The GMFCS-E & R scores include the age band of up to 18 yr [22]. As per this revised scale, we included patients aged up to 18 yr for the evaluation of efficacy of hESC therapy with GMFCS-E & R scores. The results demonstrated that the use of hESC therapy in patients with CP was beneficial. Overall, 30.2% patients achieved a score of 1 on GMFCS- E& R scale by the end of T4 of 338 days. A total of 86 patients (94.5%) showed an improvement in GMFCS-E & R score by the end of T4 with hESC. The GMFCS-E &R scale does not consider cognitive improvement as a parameter [23]; however, cognition is an important concern for patients with CP. In the present study we evaluated the improvements in cognitive skills among patients who had received hESC therapy. Overall, cognitive skills of the patients also showed a significant improvement in 69% of the patients included in the study. Of these, highest improvement was observed in parameters including smiling (81.7%), and recognition/awareness (80.3%) In addition to these parameters, hESC therapy showed an improved vision in patients (will be presented in a separate paper). Previous studies have shown that stem cell therapy may be beneficial in the treatment of visually impaired CP patients [24]. The first clinical trial of autologous umbilical cord blood reinfusion in children aged 12 mon to 6 yr with CP is ongoing at the Duke Univeristy. In this randomized, double blind study the participants were/will be treated with autologous cord blood reinfusion. The investigators have hypothesized infusion of autologous umbilical cord blood might facilitate neural cell repair resulting in improved function. The study will be completed in 2016 [25].

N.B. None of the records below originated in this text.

(* Let $\tau$ be the semicircle law, and let $K(f)=-\mathscr{J}^*(\mathscr{J}f)-f$. Let $g\in\mathscr{A}$ be cyclically symmetric and $f=\mathscr{D}g$. Then $$K(f)=\mathscr{D}\Big\{(1\otimes\tau+\tau\otimes1)\Big(\sum_i[\mathscr{J}f]_{ii}\Big)-f\#X\Big\}=\mathscr{D}\Big\{(1\otimes\tau+\tau\otimes1)\big(Tr[\mathscr{J}\mathscr{D}g]\big)-\mathscr{N}g\Big\}.$$
   Context: $\mathscr{A}=\mathbb{C}\langle X_1,\dots,X_n\rangle$. A polynomial is cyclically symmetric if for all $i_1,\dots,i_k$ the coefficient of $X_{i_1}\cdots X_{i_k}$ equals that of $X_{i_k}X_{i_1}\cdots X_{i_{k-1}}$. $\mathscr{N}$ multiplies each monomial of degree $k$ by $k$. $\partial_j$: derivation $\mathscr{A}\to\mathscr{A}\otimes\mathscr{A}^{op}$ with $\partial_jX_i=\delta_{ij}1\otimes1$; $\mathscr{D}_jq=\sum_{q=BX_jC}CB$; $\mathscr{D}g=(\mathscr{D}_jg)_j$; $\mathscr{J}f=(\partial_jf_i)_{i,j}$; $Tr(q)=\sum_iq_{ii}$; $g\#h=\sum_ig_ih_i$ for vectors; $(1\otimes\tau+\tau\otimes1)(a\otimes b)=a\tau(b)+\tau(a)b$. The semicircle law $\tau$ is the law of a free semicircular family $S_1,\dots,S_n$ (each with semicircle distribution on $[-2,2]$ of variance 1). $\partial_j^*$ is the adjoint of $\partial_j$ as a densely defined operator $L^2(\tau)\to L^2(\tau\otimes\tau)$, and $\mathscr{J}^*q=(\sum_i\partial_i^*(q_{ji}))_j$; for the semicircle law $\partial_j^*(1\otimes1)=X_j$. *)

theory Defs
  imports Complex_Main "HOL-Library.Poly_Mapping"
begin

text \<open>Noncommutative polynomials in variables X_0, X_1, ... : finitely supported
  coefficient functions on words (nat lists). The word [i1,...,ik] stands for the
  monomial X_i1 ... X_ik.  Elements of A tensor A^op are finitely supported
  coefficient functions on pairs of words; (u,v) stands for the monomial u tensor v.\<close>

type_synonym ncpoly = "nat list \<Rightarrow>\<^sub>0 complex"
type_synonym nctens = "(nat list \<times> nat list) \<Rightarrow>\<^sub>0 complex"

definition ncpolys :: "nat \<Rightarrow> ncpoly set" where
  "ncpolys n = {p. \<forall>w\<in>Poly_Mapping.keys p. set w \<subseteq> {..<n}}"

definition ncvar :: "nat \<Rightarrow> ncpoly" where
  "ncvar i = Poly_Mapping.single [i] 1"

definition ncmult :: "ncpoly \<Rightarrow> ncpoly \<Rightarrow> ncpoly" where
  "ncmult p q = (\<Sum>u\<in>Poly_Mapping.keys p. \<Sum>v\<in>Poly_Mapping.keys q.
      Poly_Mapping.single (u @ v) (Poly_Mapping.lookup p u * Poly_Mapping.lookup q v))"

definition ncstar :: "ncpoly \<Rightarrow> ncpoly" where
  "ncstar p = (\<Sum>w\<in>Poly_Mapping.keys p. Poly_Mapping.single (rev w) (cnj (Poly_Mapping.lookup p w)))"

definition cyc_symm :: "ncpoly \<Rightarrow> bool" where
  "cyc_symm g = (\<forall>w. w \<noteq> [] \<longrightarrow> Poly_Mapping.lookup g w = Poly_Mapping.lookup g (last w # butlast w))"

definition ncN :: "ncpoly \<Rightarrow> ncpoly" where
  "ncN p = (\<Sum>w\<in>Poly_Mapping.keys p. Poly_Mapping.single w (of_nat (length w) * Poly_Mapping.lookup p w))"

definition ncpartial :: "nat \<Rightarrow> ncpoly \<Rightarrow> nctens" where
  "ncpartial j p = (\<Sum>w\<in>Poly_Mapping.keys p. \<Sum>k<length w.
      if w ! k = j then Poly_Mapping.single (take k w, drop (Suc k) w) (Poly_Mapping.lookup p w) else 0)"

Various studies have demonstrated the migration and differentiation of hESCs derived progenitor cells at the site of brain injury [5],[26], raising the hope that hESC therapy may eventually be developed to treat disorders related to the central nervous system [27]. hESCs derived precursors have ability to travel along the olfactory system and contribute to neurogenesis [28]. A pre clinical study by Ma et al showed that ESCs-derived cells transplanted on hypoxic-ischemic encephalopathy (HIE) mouse model migrated into the injury site of the brain and expressed neural stem cell differentiation markers like Nestin and MAP-2 [5]. In another study by Liu et al, the migration of transplanted embryonic mesenchymal stem cells (eMSCs) derived from hESCs in an ischemic rat were tracked by staining the brain sections with GFP antibody. The GFP-positive cells were observed in the infarcted region, penumbra and striatum after two days of cells injection. These cells expressed several neuronal markers like MAP-2 and β-tubulin 3, indicating the neuronal differentiation of transplanted eMSCs [29]. In a study by Yang et al, hESC-derived neurons and their progenitors survived transplantation for 5 months in the brain of an experimental rat model of Parkinson disease and contributed to the recovery of locomotor function [26].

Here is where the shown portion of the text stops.